Plaintiffs have argued in some cases (such as the Colacicco appeal) that the CBE procedure is available even for information that meets the very low standard set by 21 C.F.R. §201.80(e) – “reasonable evidence of an association. . . . A causal relationship need not have been proved.”
The FDA’s new proposal says that’s wrong, too. Only strong information that meets the standards for label changes under §201.57(c) is eligible, because only strong information warrants the extraordinary step of dispensing with Agency pre-approval. If it’s anything less certain, then there’s not any emergency justifying resort to CBE procedures:
FDA proposes to clarify that a CBE supplement may be used only to implement labeling changes regarding contraindications, warnings, precautions, or adverse reactions in circumstances when there is sufficient evidence of a causal association. . . . The rule provides that not all adverse events observed during use of a drug are eligible for inclusion in labeling, but rather ‘only those adverse events for which there is some basis to believe there is a causal relationship between the drug and the occurrence of the adverse event.
73 Fed. Reg. at 2850 (emphasis added).
Under the referenced §201.57, this standard would vary (as it does for normal label changes) depending on whether a particular modification is to a warning/precaution, to an adverse reaction, or to a contraindication. Id. at 2850-51. Here the FDA’s proposal gets rather detailed and technical, but if the distinctions are important to you, read the entire FDA proposal. The Agency does make it quite clear is that the lower standard of §201.80 does not apply:
Section 201.80 sets forth similar, although not identical, criteria. . . . Because §201.57 represents the agency’s most recent consideration of this topic, FDA proposes that, if a sponsor intends to utilize the limited CBE procedure set forth in §314.70(c)(6)(iii) or §601.12(f) [for biologics], it must possess information regarding causation sufficient to satisfy the criteria set forth in §201.57(c), regardless of whether the drug or biologic is subject to the labeling requirements of §201.57 or §201.80.
Id. at 2851.
It’s also significant that the FDA “does not consider this amendment to be a substantive change.” Id. Thus, the FDA’s historical analysis of §314.70(c)(6)(iii), and of the CBE procedure generally, applies to litigation that’s already in progress in which plaintiffs are attempting to misconstrue the regulation.
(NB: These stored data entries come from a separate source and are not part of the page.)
section \<open>Uniqueness of the fixed state\<close>

definition qform :: "'d::finite cmat \<Rightarrow> complex^'d \<Rightarrow> complex" where
  "qform A v = (\<Sum>i\<in>UNIV. \<Sum>j\<in>UNIV. cnj (v $ i) * A $ i $ j * v $ j)"

lemma psd_iff_qform: "psd A \<longleftrightarrow> (\<forall>v. Im (qform A v) = 0 \<and> 0 \<le> Re (qform A v))"
  by (simp add: psd_def qform_def Let_def)

lemma qform_add: "qform (A + B) v = qform A v + qform B v"
  by (simp add: qform_def distrib_left distrib_right sum.distrib)

lemma qform_scaleR: "qform (r *\<^sub>R A) v = of_real r * qform A v"
  by (simp only: qform_def vector_scaleR_component) (simp add: sum_distrib_left scaleR_conv_of_real mult_ac)

lemma qform_scaleR_vec: "qform A (r *\<^sub>R v) = of_real (r\<^sup>2) * qform A v"
  by (simp only: qform_def vector_scaleR_component)
    (simp add: sum_distrib_left scaleR_conv_of_real mult_ac power2_eq_square)

lemma Im_qform_hermitian: "adj A = A \<Longrightarrow> Im (qform A v) = 0"
proof -
  assume "adj A = A"
  have "cnj (qform A v) = qform (adj A) v"
    unfolding qform_def by (simp add: mult_ac) (subst sum.swap, simp)
  with \<open>adj A = A\<close> show ?thesis
    by (metis Reals_cnj_iff complex_is_Real_iff)
qed

lemma Re_qform_adj_mult_self_pos:
  assumes "B *v v \<noteq> 0"
  shows "0 < Re (qform (adj B ** B) v)"
proof -
  have "qform (adj B ** B) v = (\<Sum>k\<in>UNIV. cnj ((B *v v) $ k) * (B *v v) $ k)"
    unfolding qform_def
    by (simp add: matrix_matrix_mult_def matrix_vector_mult_def sum_distrib_left sum_distrib_right mult_ac)
      (subst sum.swap, subst (2) sum.swap, simp add: sum_distrib_left mult_ac)
  then have "Re (qform (adj B ** B) v) = (\<Sum>k\<in>UNIV. (cmod ((B *v v) $ k))\<^sup>2)"
    by (simp add: complex_norm_square[symmetric] mult.commute[of "cnj _"])
  moreover obtain k where "(B *v v) $ k \<noteq> 0"
    using assms by (auto simp: vec_eq_iff)
  then have "0 < (\<Sum>k\<in>UNIV. (cmod ((B *v v) $ k))\<^sup>2)"
    by (intro sum_pos2[of _ k]) auto
  ultimately show ?thesis
    by simp
qed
As with all FDA “proposed rules” (that’s the applicable administrative jargon), there is a notice and comment period of 60 days – meaning the deadline for public comment is March 17, 2008. The proposal provides instructions for submitting comments. We encourage all our defense-oriented readers to submit favorable comments, since ATLA is sure as hell going to oppose. We might even be submitting comments of our own.